Named the 13th director of athletics in Clemson history on Dec. 1, 2012, Radakovich has continuously led the Tiger athletic department to high achievements both on the field and in the classroom while developing significant upgrades in finance and facilities.
Radakovich was named the SportsBusiness Journal Athletics Director of the Year for 2016, after being named a finalist in 2015. Since his arrival in December 2012, the athletic department has received approvals for $176 million in capital project improvements and has increased spending on direct student-athlete development programs including nutrition, mental health and professional development. His department has increased overall revenue from $69 million in fiscal year 2014 to a budgeted $110 million in FY18.
Radakovich came to Clemson with a wealth of experience after serving in significant athletic administrative roles at Miami (Fla.), Long Beach State, South Carolina and Louisiana State in addition to athletic directorships at American University and Georgia Tech. His administrative career spans over 26 years.
College football entered a new era in 2014 with the College Football Playoff, and he was at the forefront. He was one of 13 people, including one of only five FBS directors of athletics, to be named to the committee.
In 2012, he was named by NCAA President Mark Emmert as one of 10 directors of athletics to a new advisory commission charged with making recommendations for the future of NCAA rules and policies.
In his first full year as director of athletics in 2013-14, Clemson had a strong all-around performance on the field and in the classroom. Clemson was one of just three programs nationally to win at least 11 football games, 23 men’s basketball games and 36 baseball games over the course of the academic year. Each of the Tiger sport programs exceeded the NCAA baseline standards for Academic Progress Rate, and six programs posted perfect 1000 single-year scores, including men’s and women’s cross country, diving, women’s soccer, women’s tennis and volleyball.
Radakovich came to Clemson from Georgia Tech, where he served with distinction for six years (2006-12). Just Clemson’s fifth director of athletics since 1940, he replaced Terry Don Phillips, who retired after over 10 years directing the program.
During his career at Georgia Tech, it had 51 teams advance to either NCAA Tourney play or bowl games in his six years. That includes five sports (football, women’s basketball, softball, women’s tennis, men’s golf) that made the postseason every year. The baseball program missed just once.
A total of 11 different sports programs finished in the top 25 of at least one major poll 27 times. That includes a National Championship women’s tennis program in 2007, just its second team title in history. There were 14 ACC titles celebrated in addition to nine regular-season conference or division titles.
The football program played in a bowl game each year he was at Georgia Tech, including the 2010 Orange Bowl, the program’s first BCS-level bowl appearance since the 1967 Orange Bowl.
On an individual basis, the program had 51 first-team All-Americans in 10 sports, 30 academic All-Americans, two national coach-of-the-year selections and two national player-of-the-year selections. The program had 13 ACC Coach-of-the-Year and 13 ACC Player-of-the-Year choices as well.
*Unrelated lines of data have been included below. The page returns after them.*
lemma phi_cder_in_pmono:
  assumes a: "a \<in> E" "h a = k" and a': "a' \<in> E" "h a' = k"
  shows "pmul h (cder V E h t a S) (pmono (t a', [a'])) \<in> C1"
    and "phi (pmul h (cder V E h t a S) (pmono (t a', [a']))) \<in> J2"
proof -
  let ?B = "{b\<in>E. t b = k}"
  show "pmul h (cder V E h t a S) (pmono (t a', [a'])) \<in> C1"
    unfolding cder_in_pmul_pmono[OF assms] by (intro A.corner_sum A.corner_pmul cder2_corner pmono_Comp_corner) (use a a' in auto)
  have v1: "B.valid (t a', [Comp b a'])" if "b \<in> ?B" for b
    using that a' A.tV by (simp add: B.valid_Cons valid_path_Nil ptgt_def)
  have v2: "B.valid (k, [Star a])" using a kV by (simp add: B.valid_Cons valid_path_Nil ptgt_def)
  have fB: "finite ?B" using A.fin_E by simp
  have s1: "(\<lambda>p. \<Sum>b\<in>?B. pmul h2 (cder V E2 h2 t2 (Comp b a) S2) (pmono (t a', [Comp b a'])) p) \<in> J2"
  proof (rule B.closed_ideal_sum[OF fB])
    fix b assume b: "b \<in> ?B"
    have "cder V E2 h2 t2 (Comp b a) S2 \<in> J2" using a b by (intro J2_gen) auto
    then show "pmul h2 (cder V E2 h2 t2 (Comp b a) S2) (pmono (t a', [Comp b a'])) \<in> J2"
      using B.closed_ideal_mult_right B.pmono_palg[OF v1[OF b]] by blast
  qed
  have s2: "pmul h2 (pmono (k, [Star a])) (cder V E2 h2 t2 (Star a') S2) \<in> J2"
    using B.closed_ideal_mult_left B.pmono_palg[OF v2] J2_gen[of "Star a'"] a' by auto
  show "phi (pmul h (cder V E h t a S) (pmono (t a', [a']))) \<in> J2"
    unfolding phi_cder_in_pmul_pmono[OF assms] using s1 s2 by (rule B.closed_ideal_sub)
qed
The construction of new facilities or upgrades to existing ones was a focus of Radakovich’s tenure with the Yellow Jacket program. The John & Mary Brock Football Practice Facility, which opened in 2011, and McCamish Pavilion, which opened for basketball in 2012, are two of the top facilities of their kind in college athletics.
Radakovich also initiated the Athletic Director’s Initiative Fund, started in 2006, which raised cash and pledges of more than $12 million.
The Aliquippa, Pa., native was first made aware of Tiger athletics through the basketball exploits of Butch Zatezalo, who was from the same town. Zatezalo was a three-time All-ACC Tiger whose legendary 25-point scoring nights received a lot of attention in Pennsylvania in the 1960s when Radakovich was a youth.
Prior to his tenure at Georgia Tech, Radakovich worked as a senior associate athletic director at Louisiana State from 2001-06. He had many responsibilities that dealt with the football program and worked closely with then Head Coach Nick Saban, including the year (2003) the Tigers won the National Championship.
He became a director of athletics for the first time at American University in Washington, D.C. in 2000.
Between 1994 and 2000, Radakovich served as chief financial officer at South Carolina. During that time, he worked with current Clemson football administrators Woody McCorvey and Brad Scott.
He gained experience on the West Coast from 1989-94, when he was a senior associate athletic director at Long Beach State. He got his start in administration at Miami (Fla.) in 1983 as the athletic business manager.
Radakovich is a 1980 graduate of Indiana (Pa.), where he earned a bachelor’s degree in finance. He was also a football letterman and student coach with the Crimson Hawk program. He was enshrined into the Beaver County Sports Hall of Fame in 2008 and was recognized as a distinguished alumnus from Indiana (Pa.) in 2009. He earned his master’s degree in business administration from Miami (Fla.) in 1982.
Radakovich, born June 9, 1958, and his wife, Marcie, have two sons, Christian, a 2012 Georgia Tech graduate, and Grant, a 2015 Mercer University graduate who joined the Clemson football program this summer.